> _TASK DESCRIPTION_: Print this span of the material below exactly: the line with "(Sv j) = set", the line with "stable_meets_pair[OF ij(3,4) K(2)]", and every line between them, but nothing else.

%%

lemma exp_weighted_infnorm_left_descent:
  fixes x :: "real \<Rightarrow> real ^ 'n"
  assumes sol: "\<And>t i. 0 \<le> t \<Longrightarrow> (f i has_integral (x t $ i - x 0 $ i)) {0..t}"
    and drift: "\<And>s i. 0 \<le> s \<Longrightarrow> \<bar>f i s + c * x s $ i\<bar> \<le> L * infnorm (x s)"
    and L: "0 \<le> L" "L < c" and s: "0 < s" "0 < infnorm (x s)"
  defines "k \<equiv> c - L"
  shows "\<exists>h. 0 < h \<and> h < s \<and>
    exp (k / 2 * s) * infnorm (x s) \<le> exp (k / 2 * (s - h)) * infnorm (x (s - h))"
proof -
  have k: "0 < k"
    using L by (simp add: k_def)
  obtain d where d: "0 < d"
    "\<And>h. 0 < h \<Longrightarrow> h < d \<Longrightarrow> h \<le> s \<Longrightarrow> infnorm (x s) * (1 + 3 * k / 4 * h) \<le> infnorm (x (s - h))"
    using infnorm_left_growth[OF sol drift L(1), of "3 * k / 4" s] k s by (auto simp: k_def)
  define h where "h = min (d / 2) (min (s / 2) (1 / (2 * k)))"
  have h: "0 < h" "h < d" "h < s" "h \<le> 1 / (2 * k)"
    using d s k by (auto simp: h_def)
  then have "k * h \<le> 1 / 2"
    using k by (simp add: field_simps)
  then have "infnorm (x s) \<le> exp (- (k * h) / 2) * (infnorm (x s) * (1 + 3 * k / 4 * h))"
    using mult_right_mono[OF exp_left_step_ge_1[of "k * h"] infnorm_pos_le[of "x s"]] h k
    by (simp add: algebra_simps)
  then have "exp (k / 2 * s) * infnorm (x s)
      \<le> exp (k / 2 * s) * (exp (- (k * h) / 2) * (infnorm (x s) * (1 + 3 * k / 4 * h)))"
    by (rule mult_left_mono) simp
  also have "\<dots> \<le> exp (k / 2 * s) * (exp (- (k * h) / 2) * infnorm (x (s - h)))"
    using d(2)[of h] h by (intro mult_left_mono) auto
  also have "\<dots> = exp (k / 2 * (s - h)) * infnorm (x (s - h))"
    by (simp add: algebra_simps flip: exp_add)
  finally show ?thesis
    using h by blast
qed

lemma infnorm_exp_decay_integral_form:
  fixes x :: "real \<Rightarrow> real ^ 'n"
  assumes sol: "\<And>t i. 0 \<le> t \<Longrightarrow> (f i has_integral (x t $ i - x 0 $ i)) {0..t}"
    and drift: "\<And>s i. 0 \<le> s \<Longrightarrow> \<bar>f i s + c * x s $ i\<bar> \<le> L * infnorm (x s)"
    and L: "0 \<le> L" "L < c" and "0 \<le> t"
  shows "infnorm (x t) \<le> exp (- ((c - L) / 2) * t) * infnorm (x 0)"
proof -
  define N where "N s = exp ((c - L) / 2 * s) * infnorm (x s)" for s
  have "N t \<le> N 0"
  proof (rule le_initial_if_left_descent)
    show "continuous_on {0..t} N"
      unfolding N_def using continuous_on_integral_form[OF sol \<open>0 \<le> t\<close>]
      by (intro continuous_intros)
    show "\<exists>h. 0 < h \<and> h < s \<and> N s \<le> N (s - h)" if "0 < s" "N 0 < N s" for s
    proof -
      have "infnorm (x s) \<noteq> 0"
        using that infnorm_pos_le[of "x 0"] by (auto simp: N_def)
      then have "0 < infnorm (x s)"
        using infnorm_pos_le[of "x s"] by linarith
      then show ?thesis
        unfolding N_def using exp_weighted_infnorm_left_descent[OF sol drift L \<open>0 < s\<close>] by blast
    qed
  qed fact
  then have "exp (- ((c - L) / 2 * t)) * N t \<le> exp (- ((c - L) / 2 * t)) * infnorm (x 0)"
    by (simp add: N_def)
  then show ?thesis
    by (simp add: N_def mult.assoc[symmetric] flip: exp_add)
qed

%%
%%

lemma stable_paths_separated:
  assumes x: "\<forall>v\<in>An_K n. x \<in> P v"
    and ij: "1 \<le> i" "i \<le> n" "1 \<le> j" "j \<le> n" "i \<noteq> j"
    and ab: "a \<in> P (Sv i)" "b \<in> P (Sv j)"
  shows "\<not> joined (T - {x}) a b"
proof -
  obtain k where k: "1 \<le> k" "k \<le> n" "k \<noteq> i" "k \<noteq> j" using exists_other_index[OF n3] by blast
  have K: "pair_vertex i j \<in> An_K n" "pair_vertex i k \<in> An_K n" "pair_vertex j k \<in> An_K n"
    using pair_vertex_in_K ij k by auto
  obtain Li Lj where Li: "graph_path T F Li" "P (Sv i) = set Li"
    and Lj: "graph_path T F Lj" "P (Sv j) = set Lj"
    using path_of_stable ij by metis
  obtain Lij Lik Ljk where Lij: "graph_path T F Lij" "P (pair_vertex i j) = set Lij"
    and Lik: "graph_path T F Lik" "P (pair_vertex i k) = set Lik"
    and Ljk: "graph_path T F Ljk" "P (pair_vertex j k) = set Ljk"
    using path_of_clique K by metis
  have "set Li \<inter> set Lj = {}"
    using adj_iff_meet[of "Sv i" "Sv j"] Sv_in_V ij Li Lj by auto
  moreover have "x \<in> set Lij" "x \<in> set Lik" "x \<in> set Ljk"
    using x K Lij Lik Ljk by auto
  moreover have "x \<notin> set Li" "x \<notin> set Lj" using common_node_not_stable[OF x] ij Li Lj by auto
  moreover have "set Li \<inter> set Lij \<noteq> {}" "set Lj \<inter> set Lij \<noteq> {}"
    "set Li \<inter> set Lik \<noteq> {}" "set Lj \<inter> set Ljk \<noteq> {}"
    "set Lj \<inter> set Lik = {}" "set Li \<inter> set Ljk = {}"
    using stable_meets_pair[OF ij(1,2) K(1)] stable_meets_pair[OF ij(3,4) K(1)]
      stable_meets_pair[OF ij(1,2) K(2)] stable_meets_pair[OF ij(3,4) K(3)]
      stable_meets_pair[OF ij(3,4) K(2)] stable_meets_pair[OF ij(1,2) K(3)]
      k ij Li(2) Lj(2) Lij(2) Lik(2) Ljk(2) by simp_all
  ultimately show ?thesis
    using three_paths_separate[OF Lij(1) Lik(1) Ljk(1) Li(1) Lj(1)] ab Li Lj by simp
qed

%%

> _REPLY_:
    and Lj: "graph_path T F Lj" "P (Sv j) = set Lj"
    using path_of_stable ij by metis
  obtain Lij Lik Ljk where Lij: "graph_path T F Lij" "P (pair_vertex i j) = set Lij"
    and Lik: "graph_path T F Lik" "P (pair_vertex i k) = set Lik"
    and Ljk: "graph_path T F Ljk" "P (pair_vertex j k) = set Ljk"
    using path_of_clique K by metis
  have "set Li \<inter> set Lj = {}"
    using adj_iff_meet[of "Sv i" "Sv j"] Sv_in_V ij Li Lj by auto
  moreover have "x \<in> set Lij" "x \<in> set Lik" "x \<in> set Ljk"
    using x K Lij Lik Ljk by auto
  moreover have "x \<notin> set Li" "x \<notin> set Lj" using common_node_not_stable[OF x] ij Li Lj by auto
  moreover have "set Li \<inter> set Lij \<noteq> {}" "set Lj \<inter> set Lij \<noteq> {}"
    "set Li \<inter> set Lik \<noteq> {}" "set Lj \<inter> set Ljk \<noteq> {}"
    "set Lj \<inter> set Lik = {}" "set Li \<inter> set Ljk = {}"
    using stable_meets_pair[OF ij(1,2) K(1)] stable_meets_pair[OF ij(3,4) K(1)]
      stable_meets_pair[OF ij(1,2) K(2)] stable_meets_pair[OF ij(3,4) K(3)]
      stable_meets_pair[OF ij(3,4) K(2)] stable_meets_pair[OF ij(1,2) K(3)]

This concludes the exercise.